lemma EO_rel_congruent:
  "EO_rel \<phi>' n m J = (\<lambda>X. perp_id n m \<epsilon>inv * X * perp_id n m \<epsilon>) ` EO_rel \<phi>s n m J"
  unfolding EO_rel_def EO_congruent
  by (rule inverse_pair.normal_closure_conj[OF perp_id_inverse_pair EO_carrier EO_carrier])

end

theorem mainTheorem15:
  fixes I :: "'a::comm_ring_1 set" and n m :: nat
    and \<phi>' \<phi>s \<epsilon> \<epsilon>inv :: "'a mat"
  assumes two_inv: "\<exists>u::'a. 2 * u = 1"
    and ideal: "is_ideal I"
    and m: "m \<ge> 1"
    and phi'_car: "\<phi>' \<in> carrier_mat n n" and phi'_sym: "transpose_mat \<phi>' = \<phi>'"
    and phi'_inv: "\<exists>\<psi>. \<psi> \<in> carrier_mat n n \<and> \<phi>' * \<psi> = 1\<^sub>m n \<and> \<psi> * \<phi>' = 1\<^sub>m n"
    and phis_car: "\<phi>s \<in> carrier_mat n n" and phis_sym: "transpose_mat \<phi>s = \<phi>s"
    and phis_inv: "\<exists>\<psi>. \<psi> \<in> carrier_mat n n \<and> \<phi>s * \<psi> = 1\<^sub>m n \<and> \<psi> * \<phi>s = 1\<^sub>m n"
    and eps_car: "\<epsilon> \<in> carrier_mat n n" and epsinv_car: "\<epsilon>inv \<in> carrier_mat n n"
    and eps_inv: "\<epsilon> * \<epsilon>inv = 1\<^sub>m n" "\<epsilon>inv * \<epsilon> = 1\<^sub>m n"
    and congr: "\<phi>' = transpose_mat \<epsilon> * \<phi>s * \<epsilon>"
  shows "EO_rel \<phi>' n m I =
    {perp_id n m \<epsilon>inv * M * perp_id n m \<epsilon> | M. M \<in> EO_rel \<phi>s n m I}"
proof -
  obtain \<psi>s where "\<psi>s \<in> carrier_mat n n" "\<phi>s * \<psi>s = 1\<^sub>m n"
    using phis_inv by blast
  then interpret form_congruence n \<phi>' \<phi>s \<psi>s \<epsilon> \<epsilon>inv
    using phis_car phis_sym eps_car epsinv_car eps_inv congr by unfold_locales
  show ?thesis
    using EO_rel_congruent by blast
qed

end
○ ○ ○ ○
Task item: Return, word for word, each line from the one that contains "obtain \<psi>s where" through the end of the listing above.

Written solution:
  obtain \<psi>s where "\<psi>s \<in> carrier_mat n n" "\<phi>s * \<psi>s = 1\<^sub>m n"
    using phis_inv by blast
  then interpret form_congruence n \<phi>' \<phi>s \<psi>s \<epsilon> \<epsilon>inv
    using phis_car phis_sym eps_car epsinv_car eps_inv congr by unfold_locales
  show ?thesis
    using EO_rel_congruent by blast
qed

end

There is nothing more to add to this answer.